We included only voxels with a gray matter value greater than 0.2 (maximum value=1) and greater than both the white matter and CSF values to analyze only voxels with sufficient gray matter and to avoid possible edge effects around the border between gray matter, white matter, and CSF. Because the analysis of fraction of gray matter revealed significant differences, we performed two voxel-by-voxel analyses of covariance (ANCOVA). In the first ANCOVA, only age was included as a confounding covariate (to remove variance explained by age). We will refer to this approach as “analysis for the regional distribution of gray matter changes.” In the second ANCOVA, age and fraction of gray matter values were included as confounding covariates in order to exclusively identify changes that cannot be explained by global effects.
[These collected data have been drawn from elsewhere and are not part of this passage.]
lemma twice_sum_binomial_lt_pow2:
  fixes \<delta> :: real
  assumes \<delta>: "0 < \<delta>" and d: "1 \<le> d" "d \<le> L" and a: "9 \<le> a" "2 / \<delta> \<le> 2 ^ a"
    and L: "real L \<le> 14 * real d * real a / \<delta>"
  shows "2 * (\<Sum>i\<le>d. L choose i) < (2::nat) ^ (2 * d * a)"
proof -
  have base: "0 < 42 * real a / \<delta>" using a \<delta> by simp
  have "exp 1 * real L / real d \<le> 42 * real a / \<delta>"
  proof -
    have "exp 1 * real L \<le> 3 * (14 * real d * real a / \<delta>)"
      using exp_le L by (intro mult_mono) auto
    then show ?thesis using d by (simp add: field_simps)
  qed
  then have "(exp 1 * real L / real d) ^ d \<le> (42 * real a / \<delta>) ^ d"
    by (rule power_mono) simp
  then have binomials: "real (\<Sum>i\<le>d. L choose i) \<le> (42 * real a / \<delta>) ^ d"
    using sum_binomial_le_exp_pow[OF d] by linarith
  have "(2::real) ^ 1 \<le> 2 ^ d" by (rule power_increasing[OF d(1)]) simp
  then have "2 * real (\<Sum>i\<le>d. L choose i) \<le> 2 ^ d * (42 * real a / \<delta>) ^ d"
    using binomials base by (intro mult_mono) (auto simp: sum_nonneg)
  also have "\<dots> = (84 * real a / \<delta>) ^ d" by (simp add: power_mult_distrib[symmetric])
  also have "\<dots> < (100 * real a / \<delta>) ^ d"
    using a \<delta> d by (intro power_strict_mono) (auto simp: divide_strict_right_mono)
  also have "100 * real a / \<delta> \<le> 2 ^ a * 2 ^ a"
  proof -
    have "real (50 * a) \<le> real (2 ^ a)"
      using fifty_mult_le_pow2[OF a(1)] by (simp only: of_nat_le_iff)
    then have "50 * real a \<le> 2 ^ a" by simp
    have "100 * real a / \<delta> = (50 * real a) * (2 / \<delta>)" by simp
    also have "\<dots> \<le> 2 ^ a * 2 ^ a"
      using a \<delta> \<open>50 * real a \<le> 2 ^ a\<close> by (intro mult_mono) auto
    finally show ?thesis .
  qed
  then have "(100 * real a / \<delta>) ^ d \<le> (2 ^ a * 2 ^ a) ^ d"
    using a \<delta> by (intro power_mono) auto
  also have "\<dots> = 2 ^ (2 * d * a)" by (simp add: power_mult[symmetric] power_add[symmetric] mult_2 mult.commute)
  finally have "real (2 * (\<Sum>i\<le>d. L choose i)) < real ((2::nat) ^ (2 * d * a))" by simp
  then show ?thesis by (simp only: of_nat_less_iff)
qed

lemma dominating_parameters:
  fixes \<delta> :: real
  assumes \<delta>: "0 < \<delta>" "\<delta> \<le> 1" and d: "1 \<le> d"
  obtains m M k :: nat where "8 \<le> \<delta> * real M" "real k \<le> \<delta> * real M / 2"
    "2 * ((m + M) choose (m + k)) * (\<Sum>i\<le>d. (m + k) choose i) < (m + M) choose m"
    "real m \<le> 168 * (real d / \<delta>) * ln (2 / \<delta>)"
proof -
  obtain a where a: "9 \<le> a" "2 / \<delta> \<le> 2 ^ a" "real a \<le> 14 * ln (2 / \<delta>)"
    using exists_pow2_ge[OF \<delta>] .
  define k where "k = 2 * d * a"
  define \<kappa> where "\<kappa> = real k / \<delta>"
  define M where "M = nat \<lceil>2 * \<kappa>\<rceil>"
  have k: "1 \<le> k" "d \<le> k" unfolding k_def using a d by simp_all
  have k_\<kappa>: "real k \<le> \<kappa>" unfolding \<kappa>_def using \<delta> by (simp add: field_simps mult_left_le_one_le)
  have M: "2 * \<kappa> \<le> real M" "real M \<le> 2 * \<kappa> + 1"
    unfolding M_def using k_\<kappa> by linarith+
  have M_large: "2 * real k \<le> \<delta> * real M"
    using M(1) \<delta> unfolding \<kappa>_def by (simp add: field_simps)
  have "k \<le> M" using M(1) k_\<kappa> by linarith
  have m_bound: "real (2 * M) \<le> 6 * \<kappa>" using M(2) k k_\<kappa> by simp
  have "real (2 * M + k) \<le> 7 * \<kappa>" using M(2) k k_\<kappa> by simp
  also have "7 * \<kappa> \<le> 14 * real d * real a / \<delta>" unfolding \<kappa>_def k_def by simp
  finally have L: "real (2 * M + k) \<le> 14 * real d * real a / \<delta>" .
  have "2 * (\<Sum>i\<le>d. (2 * M + k) choose i) < 2 ^ k"
    using twice_sum_binomial_lt_pow2[OF \<delta>(1) d _ a(1,2) L] k(2) unfolding k_def by simp
  then have "2 * (3 * M choose (2 * M + k)) * (\<Sum>i\<le>d. (2 * M + k) choose i) < 3 * M choose (2 * M)"
    by (rule twice_binomial_mult_lt[OF \<open>k \<le> M\<close>])
  moreover have three_M: "3 * M = 2 * M + M" by simp
  ultimately have ratio:
    "2 * ((2 * M + M) choose (2 * M + k)) * (\<Sum>i\<le>d. (2 * M + k) choose i) < (2 * M + M) choose (2 * M)"
    by (simp only: three_M)
  have "9 * 1 \<le> a * d" using a(1) d by (rule mult_le_mono)
  then have "18 \<le> k" unfolding k_def by simp
  then have "8 \<le> \<delta> * real M" using M_large by simp
  moreover have "real (2 * M) \<le> 168 * (real d / \<delta>) * ln (2 / \<delta>)"
  proof -
    have "real (2 * M) \<le> 12 * real d * real a / \<delta>" using m_bound unfolding \<kappa>_def k_def by simp
    also have "\<dots> \<le> 12 * real d * (14 * ln (2 / \<delta>)) / \<delta>"
      using a(3) \<delta> by (intro divide_right_mono mult_left_mono) auto
    finally show ?thesis by simp
  qed
  ultimately show thesis
    using that[of M k "2 * M"] ratio M_large by simp
qed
We will refer to this approach as “analysis for region-specific gray matter changes.” Within the anorexia nervosa group, the following correlation analyses were performed: gray matter content (sum of all voxel values) of the clusters of region-specific gray matter changes with lowest body mass index of lifetime, body mass index at the time of scanning, duration of anorexia nervosa, age at the time of scanning, age at first diagnosis, length of recovery, fraction of gray matter, occurrence of major depressive episodes at low weight (no=0; yes=1), and occurrence of an eating disorder other than the restricting type of anorexia nervosa in the course of the disorder (no=0; yes=1). Moreover, an ANOVA was performed with gray matter content of the clusters of region-specific gray matter changes as a dependent variable and the parameters mentioned above as independent variables.

We applied a height threshold of p<0.05, corrected for all voxels included in the analysis applying the family-wise error (20). To indicate the extension of gray matter changes, significant clusters were displayed at a voxel threshold of p<0.01.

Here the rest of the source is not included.